On 09/18/2013 11:17 AM, Michael Matz wrote:
Hi,
On Wed, 18 Sep 2013, Jeff Law wrote:
On 09/18/2013 10:24 AM, Michael Matz wrote:
I'm irritated by the member name uglification (e.g. equiv_stack_ with
trailing underscore). I know that's a certain style to mark private
members, but I think it's a bad style (like prefixing variable names with
their type), and before it sets a precedent in GCCs c++ coding style I'd
like this to be changed, like in the below.
We're already using the trailing underscore idiom for private objects
moving into classes (see the pass class).
I know, and I don't like it there either.
Well, as Ian pointed out, it is in our recommended style guidelines and
you'll find uses in the vec class as well. It's well established at
this point and I see no compelling reason to go back unless you can
convince the project as a whole to change the C++ guidelines.
I'd also like us to not use member privatization in our classes, but
that's not in the patch, but if we could agree on that it would be nice.
Member privatization is quite natural. What specifically do you not like
about the practice?
http://gcc.gnu.org/ml/gcc-patches/2013-09/msg00302.html
That was conditional on "when we need to jump through hoops", but for
constistency it'd make sense to avoid it everywhere.
(I know that Ian agreed to that mail, but somehow the mailing list
archives don't have that!?)
I don't see anything in Trevor's work that requires jumping through
hoops. It's pretty simple stuff. And again, as Ian pointed out, our
established guidelines for C++ usage encourage this behaviour.
Regstrapped on x86-64-linux, okay?
Obviously any ChangeLog, formatting and such can go in. However, the
trailing underscore should stay given it's already established practice
and has several nice benefits.
What's the benefit of reading and writing such noisy lines? :
*out_mode = mode_;
mode_ = GET_MODE_WIDER_MODE (mode_);
count_++;
It makes it very clear to the reader that we're dealing with objects
that belong to a class instance rather than direct access to an auto or
static.

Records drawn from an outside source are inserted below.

text \<open>Instructions; registers are named by naturals, jump targets are program indices.\<close>
datatype instr =
    Const nat nat
  | Add nat nat nat
  | Sub nat nat nat          \<comment> \<open>r := a - b (truncated at 0)\<close>
  | Mul nat nat nat
  | Div nat nat nat          \<comment> \<open>r := a div b (0 if b = 0)\<close>
  | Mod nat nat nat
  | AndI nat nat nat
  | OrI nat nat nat
  | XorI nat nat nat
  | Shl nat nat nat
  | Shr nat nat nat
  | Less nat nat nat
  | Load nat nat
  | Store nat nat
  | Jz nat nat
  | Jmp nat
  | Halt

record state =
  pc :: nat
  regs :: "nat \<Rightarrow> nat"
  mem :: "nat \<Rightarrow> nat"

definition halted :: "instr list \<Rightarrow> state \<Rightarrow> bool" where
  "halted P s \<longleftrightarrow> pc s \<ge> length P \<or> P ! pc s = Halt"

definition setr :: "state \<Rightarrow> nat \<Rightarrow> nat \<Rightarrow> state" where
  "setr s r v = s\<lparr>pc := Suc (pc s), regs := (regs s)(r := v)\<rparr>"

fun exec_instr :: "nat \<Rightarrow> instr \<Rightarrow> state \<Rightarrow> state" where
  "exec_instr w (Const r k) s = setr s r (k mod 2^w)"
| "exec_instr w (Add r a b) s = setr s r ((regs s a + regs s b) mod 2^w)"
| "exec_instr w (Sub r a b) s = setr s r (regs s a - regs s b)"
| "exec_instr w (Mul r a b) s = setr s r ((regs s a * regs s b) mod 2^w)"
| "exec_instr w (Div r a b) s = setr s r (regs s a div regs s b)"
| "exec_instr w (Mod r a b) s = setr s r (regs s a mod regs s b)"
| "exec_instr w (AndI r a b) s = setr s r (and (regs s a) (regs s b))"
| "exec_instr w (OrI r a b) s = setr s r (or (regs s a) (regs s b))"
| "exec_instr w (XorI r a b) s = setr s r (xor (regs s a) (regs s b))"
| "exec_instr w (Shl r a b) s = setr s r ((regs s a * 2 ^ regs s b) mod 2^w)"
| "exec_instr w (Shr r a b) s = setr s r (regs s a div 2 ^ regs s b)"
| "exec_instr w (Less r a b) s = setr s r (if regs s a < regs s b then 1 else 0)"
| "exec_instr w (Load r a) s = setr s r (mem s (regs s a) mod 2^w)"
| "exec_instr w (Store a r) s =
     s\<lparr>pc := Suc (pc s), mem := (mem s)(regs s a := regs s r)\<rparr>"
| "exec_instr w (Jz r l) s = (if regs s r = 0 then s\<lparr>pc := l\<rparr> else s\<lparr>pc := Suc (pc s)\<rparr>)"
| "exec_instr w (Jmp l) s = s\<lparr>pc := l\<rparr>"
| "exec_instr w Halt s = s"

That can be important.
The uglification merely makes code harder to write and read, it should be
used in cases where you _don't_ want developers to write such names.
I feel it makes it harder in some ways and easier in others.

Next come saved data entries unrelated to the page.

(* Let $l:G\to\Lambda$ be a complete $\delta$-hyperbolic length function on a group $G$ ($\delta\in\Lambda$, $\delta\geqslant0$). Let $A=\ker(l)=\{g: l(g)=0\}$, $X_l=G/A$ (left cosets) and $d_l(gA,hA)=l(g^{-1}h)$. Then the $\delta$-hyperbolic $\Lambda$-metric space $(X_l,d_l)$ is quasi-geodesic.
   Context: $\Lambda$ is an ordered abelian group with ordered divisible hull $\Lambda_{\mathbb{Q}}\supseteq\Lambda$. A length function on $G$ is $l:G\to\Lambda$ with $l(g)\geqslant0$, $l(1)=0$, $l(g)=l(g^{-1})$, $l(gh)\leqslant l(g)+l(h)$; $d_l$ is then a well-defined $\Lambda$-metric. Let $c(g,h)=\tfrac12(l(g)+l(h)-l(g^{-1}h))\in\Lambda_{\mathbb{Q}}$; $l$ is $\delta$-hyperbolic if $c(f,g)\geqslant\min\{c(f,h),c(g,h)\}-\delta$ for all $f,g,h$. Write $g=u\circ g_1$ if $g=ug_1$ and $l(g)=l(u)+l(g_1)$. $l$ is complete if for every $g\in G$ and every $\alpha\in\Lambda$ with $0\leqslant\alpha\leqslant l(g)$ there exist $u,g_1$ with $g=u\circ g_1$ and $l(u)=\alpha$. A $\Lambda$-metric space $(X,d)$ is quasi-geodesic if there is a constant $C\in\Lambda$, $C\geqslant0$, such that for all $x,y\in X$ there is a map $\gamma:\{t\in\Lambda:0\leqslant t\leqslant d(x,y)\}\to X$ with $\gamma(0)=x$, $\gamma(d(x,y))=y$ and $\beta-\alpha\leqslant d(\gamma(\alpha),\gamma(\beta))\leqslant\beta-\alpha+C$ whenever $0\leqslant\alpha\leqslant\beta\leqslant d(x,y)$. *)

theory Defs
  imports "HOL-Algebra.Coset"
begin

definition length_function :: "('g, 'b) monoid_scheme \<Rightarrow> ('g \<Rightarrow> 'a::linordered_ab_group_add) \<Rightarrow> bool" where
  "length_function G l \<longleftrightarrow>
     (\<forall>g\<in>carrier G. 0 \<le> l g) \<and> l \<one>\<^bsub>G\<^esub> = 0 \<and>
     (\<forall>g\<in>carrier G. l (inv\<^bsub>G\<^esub> g) = l g) \<and>
     (\<forall>g\<in>carrier G. \<forall>h\<in>carrier G. l (g \<otimes>\<^bsub>G\<^esub> h) \<le> l g + l h)"

text \<open>Twice the Gromov product: 2 c(g,h) = l(g) + l(h) - l(g^{-1} h), which lies
in 'a (avoiding the divisible hull).\<close>

definition gromov2 :: "('g, 'b) monoid_scheme \<Rightarrow> ('g \<Rightarrow> 'a::linordered_ab_group_add) \<Rightarrow> 'g \<Rightarrow> 'g \<Rightarrow> 'a" where
  "gromov2 G l g h = l g + l h - l (inv\<^bsub>G\<^esub> g \<otimes>\<^bsub>G\<^esub> h)"

text \<open>c(f,g) >= min(c(f,h), c(g,h)) - delta, multiplied by 2.\<close>

definition hyperbolic_length :: "('g, 'b) monoid_scheme \<Rightarrow> ('g \<Rightarrow> 'a::linordered_ab_group_add) \<Rightarrow> 'a \<Rightarrow> bool" where
  "hyperbolic_length G l \<delta> \<longleftrightarrow>
     (\<forall>f\<in>carrier G. \<forall>g\<in>carrier G. \<forall>h\<in>carrier G.
        gromov2 G l f g \<ge> min (gromov2 G l f h) (gromov2 G l g h) - (\<delta> + \<delta>))"

definition complete_length :: "('g, 'b) monoid_scheme \<Rightarrow> ('g \<Rightarrow> 'a::linordered_ab_group_add) \<Rightarrow> bool" where
  "complete_length G l \<longleftrightarrow>
     (\<forall>g\<in>carrier G. \<forall>\<alpha>. 0 \<le> \<alpha> \<and> \<alpha> \<le> l g \<longrightarrow>
        (\<exists>u\<in>carrier G. \<exists>g1\<in>carrier G. g = u \<otimes>\<^bsub>G\<^esub> g1 \<and> l g = l u + l g1 \<and> l u = \<alpha>))"

definition length_kernel :: "('g, 'b) monoid_scheme \<Rightarrow> ('g \<Rightarrow> 'a::linordered_ab_group_add) \<Rightarrow> 'g set" where
  "length_kernel G l = {g \<in> carrier G. l g = 0}"

definition length_space :: "('g, 'b) monoid_scheme \<Rightarrow> ('g \<Rightarrow> 'a::linordered_ab_group_add) \<Rightarrow> 'g set set" where
  "length_space G l = {g <#\<^bsub>G\<^esub> length_kernel G l | g. g \<in> carrier G}"

text \<open>d_l(gA, hA) = l(g^{-1} h), computed from arbitrary representatives
(well defined when A = ker l).\<close>

definition length_dist :: "('g, 'b) monoid_scheme \<Rightarrow> ('g \<Rightarrow> 'a::linordered_ab_group_add) \<Rightarrow> 'g set \<Rightarrow> 'g set \<Rightarrow> 'a" where
  "length_dist G l x y = l (inv\<^bsub>G\<^esub> (SOME g. g \<in> x) \<otimes>\<^bsub>G\<^esub> (SOME h. h \<in> y))"

definition quasi_geodesic :: "'x set \<Rightarrow> ('x \<Rightarrow> 'x \<Rightarrow> 'a::linordered_ab_group_add) \<Rightarrow> bool" where
  "quasi_geodesic X d \<longleftrightarrow>
     (\<exists>C. 0 \<le> C \<and>
       (\<forall>x\<in>X. \<forall>y\<in>X. \<exists>\<gamma>.
          (\<forall>t. 0 \<le> t \<and> t \<le> d x y \<longrightarrow> \<gamma> t \<in> X) \<and>
          \<gamma> 0 = x \<and> \<gamma> (d x y) = y \<and>
          (\<forall>\<alpha> \<beta>. 0 \<le> \<alpha> \<and> \<alpha> \<le> \<beta> \<and> \<beta> \<le> d x y \<longrightarrow>
             \<beta> - \<alpha> \<le> d (\<gamma> \<alpha>) (\<gamma> \<beta>) \<and> d (\<gamma> \<alpha>) (\<gamma> \<beta>) \<le> \<beta> - \<alpha> + C)))"

end

theory Submission
  imports Defs
begin

text \<open>Completeness of \<open>l\<close> lets one pick, for \<open>f = g\<^sup>-\<^sup>1h\<close> and every \<open>0 \<le> t \<le> l f\<close>, a prefix
\<open>u\<^sub>t\<close> of \<open>f\<close> with \<open>l u\<^sub>t = t\<close> and \<open>l (u\<^sub>t\<^sup>-\<^sup>1 f) = l f - t\<close>; the path \<open>t \<mapsto> g u\<^sub>t A\<close> joins \<open>gA\<close> to \<open>hA\<close>.
Its distances are at least \<open>\<beta> - \<alpha>\<close> by the triangle inequality, and at most \<open>\<beta> - \<alpha> + 2\<delta>\<close>
because both prefixes have Gromov product \<open>c(u\<^sub>t, f) = t\<close> with \<open>f\<close>, so hyperbolicity gives
\<open>c(u\<^sub>\<alpha>, u\<^sub>\<beta>) \<ge> \<alpha> - \<delta>\<close>.\<close>

locale length_group = group G for G (structure) +
  fixes l :: "'g \<Rightarrow> 'a::linordered_ab_group_add"
  assumes length_function: "length_function G l"
begin

lemma length_nonneg: "g \<in> carrier G \<Longrightarrow> 0 \<le> l g"
  and length_one: "l \<one> = 0"
  and length_inv: "g \<in> carrier G \<Longrightarrow> l (inv g) = l g"
  and length_mult_le: "g \<in> carrier G \<Longrightarrow> h \<in> carrier G \<Longrightarrow> l (g \<otimes> h) \<le> l g + l h"
  using length_function unfolding length_function_def by auto

lemma length_kernel_subgroup: "subgroup (length_kernel G l) G"
proof
  fix x y assume "x \<in> length_kernel G l" "y \<in> length_kernel G l"
  then show "x \<otimes> y \<in> length_kernel G l"
    using length_mult_le[of x y] length_nonneg[of "x \<otimes> y"] unfolding length_kernel_def by auto
qed (auto simp: length_kernel_def length_one length_inv)

lemma length_kernel_carrier: "k \<in> length_kernel G l \<Longrightarrow> k \<in> carrier G"
  by (simp add: length_kernel_def)

lemma length_mult_kernel_right:
  assumes "g \<in> carrier G" "k \<in> length_kernel G l"
  shows "l (g \<otimes> k) = l g"
proof -
  have k: "k \<in> carrier G" "l k = 0" "l (inv k) = 0"
    using assms(2) length_inv by (auto simp: length_kernel_def)
  have "l (g \<otimes> k) \<le> l g" using length_mult_le[of g k] assms k by simp
  moreover have "l g \<le> l (g \<otimes> k)"
    using length_mult_le[of "g \<otimes> k" "inv k"] assms k by (simp add: m_assoc)
  ultimately show ?thesis by simp
qed

lemma length_mult_kernel_left:
  assumes "g \<in> carrier G" "k \<in> length_kernel G l"
  shows "l (k \<otimes> g) = l g"
  using length_mult_kernel_right[of "inv g" "inv k"] assms length_kernel_subgroup
  by (simp add: length_inv length_kernel_carrier subgroup.m_inv_closed flip: inv_mult_group)

lemma l_coset_mult_kernel:
  assumes "a \<in> carrier G" "k \<in> length_kernel G l"
  shows "(a \<otimes> k) <# length_kernel G l = a <# length_kernel G l"
proof -
  have "(a \<otimes> k) <# length_kernel G l = a <# (k <# length_kernel G l)"
    using assms length_kernel_subgroup by (simp add: lcos_m_assoc subgroup.subset length_kernel_carrier)
  also have "k <# length_kernel G l = length_kernel G l"
    using assms length_kernel_subgroup by (simp add: coset_join3 length_kernel_carrier)
  finally show ?thesis .
qed

lemma length_dist_l_coset:
  assumes a: "a \<in> carrier G" and b: "b \<in> carrier G"
  shows "length_dist G l (a <# length_kernel G l) (b <# length_kernel G l) = l (inv a \<otimes> b)"
proof -
  have coset_element: "\<exists>x. x \<in> c <# length_kernel G l" if "c \<in> carrier G" for c
    using that subgroup.one_closed[OF length_kernel_subgroup] unfolding l_coset_def by force
  obtain k where k: "k \<in> length_kernel G l" "(SOME x. x \<in> a <# length_kernel G l) = a \<otimes> k"
    using someI_ex[OF coset_element[OF a]] unfolding l_coset_def by auto
  obtain k' where k': "k' \<in> length_kernel G l" "(SOME x. x \<in> b <# length_kernel G l) = b \<otimes> k'"
    using someI_ex[OF coset_element[OF b]] unfolding l_coset_def by auto
  have "inv (a \<otimes> k) \<otimes> (b \<otimes> k') = inv k \<otimes> (inv a \<otimes> b \<otimes> k')"
    using a b k k' by (simp add: length_kernel_carrier inv_mult_group m_assoc)
  moreover have "inv k \<in> length_kernel G l"
    using k(1) length_kernel_subgroup by (simp add: subgroup.m_inv_closed)
  ultimately show ?thesis
    using a b k k' unfolding length_dist_def
    by (simp add: length_mult_kernel_left length_mult_kernel_right length_kernel_carrier)
qed

lemma length_diff_le: "g \<in> carrier G \<Longrightarrow> h \<in> carrier G \<Longrightarrow> l h - l g \<le> l (inv g \<otimes> h)"
  using length_mult_le[of g "inv g \<otimes> h"] by (simp add: algebra_simps flip: m_assoc)

lemma complete_length_prefixes:
  assumes "complete_length G l" "f \<in> carrier G"
  obtains u where "\<And>t. 0 \<le> t \<Longrightarrow> t \<le> l f \<Longrightarrow>
    u t \<in> carrier G \<and> l (u t) = t \<and> l (inv (u t) \<otimes> f) = l f - t"
proof -
  have "\<exists>v. 0 \<le> t \<and> t \<le> l f \<longrightarrow> v \<in> carrier G \<and> l v = t \<and> l (inv v \<otimes> f) = l f - t" for t
  proof (cases "0 \<le> t \<and> t \<le> l f")
    case True
    then obtain v w where v: "v \<in> carrier G" "w \<in> carrier G" "f = v \<otimes> w" "l f = l v + l w" "l v = t"
      using assms unfolding complete_length_def by blast
    then have "inv v \<otimes> f = w" by (simp flip: m_assoc)
    with v show ?thesis by auto
  qed blast
  then show ?thesis using that by metis
qed

lemma hyperbolic_prefix_dist_le:
  assumes "hyperbolic_length G l \<delta>"
    and "u \<in> carrier G" "v \<in> carrier G" "f \<in> carrier G"
    and "l (inv u \<otimes> f) = l f - l u" "l (inv v \<otimes> f) = l f - l v" "l u \<le> l v"
  shows "l (inv u \<otimes> v) \<le> l v - l u + (\<delta> + \<delta>)"
proof -
  have "min (gromov2 G l u f) (gromov2 G l v f) - (\<delta> + \<delta>) \<le> gromov2 G l u v"
    using assms(1-4) unfolding hyperbolic_length_def by blast
  moreover have "min (gromov2 G l u f) (gromov2 G l v f) = l u + l u"
    using assms(5-7) add_mono[OF assms(7) assms(7)] by (simp add: gromov2_def min_def)
  ultimately show ?thesis by (simp add: gromov2_def algebra_simps)
qed

lemma quasi_geodesic_segment:
  assumes complete: "complete_length G l" and hyp: "hyperbolic_length G l \<delta>"
    and g: "g \<in> carrier G" and h: "h \<in> carrier G"
  defines "x \<equiv> g <# length_kernel G l" and "y \<equiv> h <# length_kernel G l"
  shows "\<exists>\<gamma>. (\<forall>t. 0 \<le> t \<and> t \<le> length_dist G l x y \<longrightarrow> \<gamma> t \<in> length_space G l) \<and>
          \<gamma> 0 = x \<and> \<gamma> (length_dist G l x y) = y \<and>
          (\<forall>\<alpha> \<beta>. 0 \<le> \<alpha> \<and> \<alpha> \<le> \<beta> \<and> \<beta> \<le> length_dist G l x y \<longrightarrow>
             \<beta> - \<alpha> \<le> length_dist G l (\<gamma> \<alpha>) (\<gamma> \<beta>) \<and>
             length_dist G l (\<gamma> \<alpha>) (\<gamma> \<beta>) \<le> \<beta> - \<alpha> + (\<delta> + \<delta>))"
proof -
  define f where "f = inv g \<otimes> h"
  have f: "f \<in> carrier G" "0 \<le> l f" using g h length_nonneg by (simp_all add: f_def)
  have dist_xy: "length_dist G l x y = l f"
    using length_dist_l_coset[OF g h] by (simp add: x_def y_def f_def)
  obtain u where u: "\<And>t. 0 \<le> t \<Longrightarrow> t \<le> l f \<Longrightarrow>
      u t \<in> carrier G \<and> l (u t) = t \<and> l (inv (u t) \<otimes> f) = l f - t"
    using complete_length_prefixes[OF complete f(1)] by blast
  define \<gamma> where "\<gamma> t = (g \<otimes> u t) <# length_kernel G l" for t
  have dist_\<gamma>: "length_dist G l (\<gamma> \<alpha>) (\<gamma> \<beta>) = l (inv (u \<alpha>) \<otimes> u \<beta>)"
    if "0 \<le> \<alpha>" "\<alpha> \<le> l f" "0 \<le> \<beta>" "\<beta> \<le> l f" for \<alpha> \<beta>
    using that u[of \<alpha>] u[of \<beta>] g length_dist_l_coset[of "g \<otimes> u \<alpha>" "g \<otimes> u \<beta>"]
    by (simp add: \<gamma>_def inv_mult_group m_assoc) (simp flip: m_assoc)
  have "u 0 \<in> length_kernel G l" using u[of 0] f by (simp add: length_kernel_def)
  then have start: "\<gamma> 0 = x" by (simp add: \<gamma>_def x_def l_coset_mult_kernel g)
  have rest: "inv (u (l f)) \<otimes> f \<in> length_kernel G l" using u[of "l f"] f by (simp add: length_kernel_def)
  have "h = g \<otimes> u (l f) \<otimes> (inv (u (l f)) \<otimes> f)"
    using u[of "l f"] f g h by (simp add: f_def m_assoc) (simp flip: m_assoc)
  then have finish: "\<gamma> (l f) = y"
    using l_coset_mult_kernel[OF _ rest, of "g \<otimes> u (l f)"] u[of "l f"] f g
    by (simp add: \<gamma>_def y_def)
  show ?thesis
  proof (intro exI[of _ \<gamma>] conjI allI impI)
    fix \<alpha> \<beta> assume "0 \<le> \<alpha> \<and> \<alpha> \<le> \<beta> \<and> \<beta> \<le> length_dist G l x y"
    then have ab: "0 \<le> \<alpha>" "\<alpha> \<le> l f" "0 \<le> \<beta>" "\<beta> \<le> l f" "\<alpha> \<le> \<beta>" by (auto simp: dist_xy)
    show "\<beta> - \<alpha> \<le> length_dist G l (\<gamma> \<alpha>) (\<gamma> \<beta>)"
      using length_diff_le[of "u \<alpha>" "u \<beta>"] u[of \<alpha>] u[of \<beta>] ab by (simp add: dist_\<gamma>)
    show "length_dist G l (\<gamma> \<alpha>) (\<gamma> \<beta>) \<le> \<beta> - \<alpha> + (\<delta> + \<delta>)"
      using hyperbolic_prefix_dist_le[OF hyp, of "u \<alpha>" "u \<beta>" f] u[of \<alpha>] u[of \<beta>] ab f
      by (simp add: dist_\<gamma>)
  qed (use start finish u g in \<open>auto simp: dist_xy \<gamma>_def length_space_def\<close>)
qed

end

theorem mainTheorem15:
  fixes G :: "('g, 'b) monoid_scheme"
    and l :: "'g \<Rightarrow> 'a::linordered_ab_group_add"
    and \<delta> :: 'a
  assumes "group G"
    and "length_function G l"
    and "complete_length G l"
    and "0 \<le> \<delta>"
    and "hyperbolic_length G l \<delta>"
  shows "quasi_geodesic (length_space G l) (length_dist G l)"
proof -
  interpret length_group G l
    using assms(1,2) by (simp add: length_group_def length_group_axioms_def)
  show ?thesis unfolding quasi_geodesic_def
  proof (intro exI[of _ "\<delta> + \<delta>"] conjI ballI)
    show "0 \<le> \<delta> + \<delta>" using assms(4) by simp
    fix x y assume "x \<in> length_space G l" "y \<in> length_space G l"
    then obtain g h where "g \<in> carrier G" "h \<in> carrier G"
      and "x = g <#\<^bsub>G\<^esub> length_kernel G l" "y = h <#\<^bsub>G\<^esub> length_kernel G l"
      unfolding length_space_def by auto
    then show "\<exists>\<gamma>. (\<forall>t. 0 \<le> t \<and> t \<le> length_dist G l x y \<longrightarrow> \<gamma> t \<in> length_space G l) \<and>
          \<gamma> 0 = x \<and> \<gamma> (length_dist G l x y) = y \<and>
          (\<forall>\<alpha> \<beta>. 0 \<le> \<alpha> \<and> \<alpha> \<le> \<beta> \<and> \<beta> \<le> length_dist G l x y \<longrightarrow>
             \<beta> - \<alpha> \<le> length_dist G l (\<gamma> \<alpha>) (\<gamma> \<beta>) \<and>
             length_dist G l (\<gamma> \<alpha>) (\<gamma> \<beta>) \<le> \<beta> - \<alpha> + (\<delta> + \<delta>))"
      using quasi_geodesic_segment[OF assms(3,5)] by blast
  qed
qed

end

Given it's recommended by our C++ guidelines which were discussed at
length, I'm going to explicitly NAK your patch. If you want to re-open
the guidelines for C++ usage, then that's fine with me and if we as a
project change the guidelines to disallow such things, then that will be
the time to remove the trailing underscores, private members, etc.
FWIW, I have worked on large C++ codebases that were a free-for-all and
found them *amazingly* painful. The restricted set allowed for GCC is
actually quite reasonable IMHO, particularly for projects where the main
body of code is evolving from a pure C base.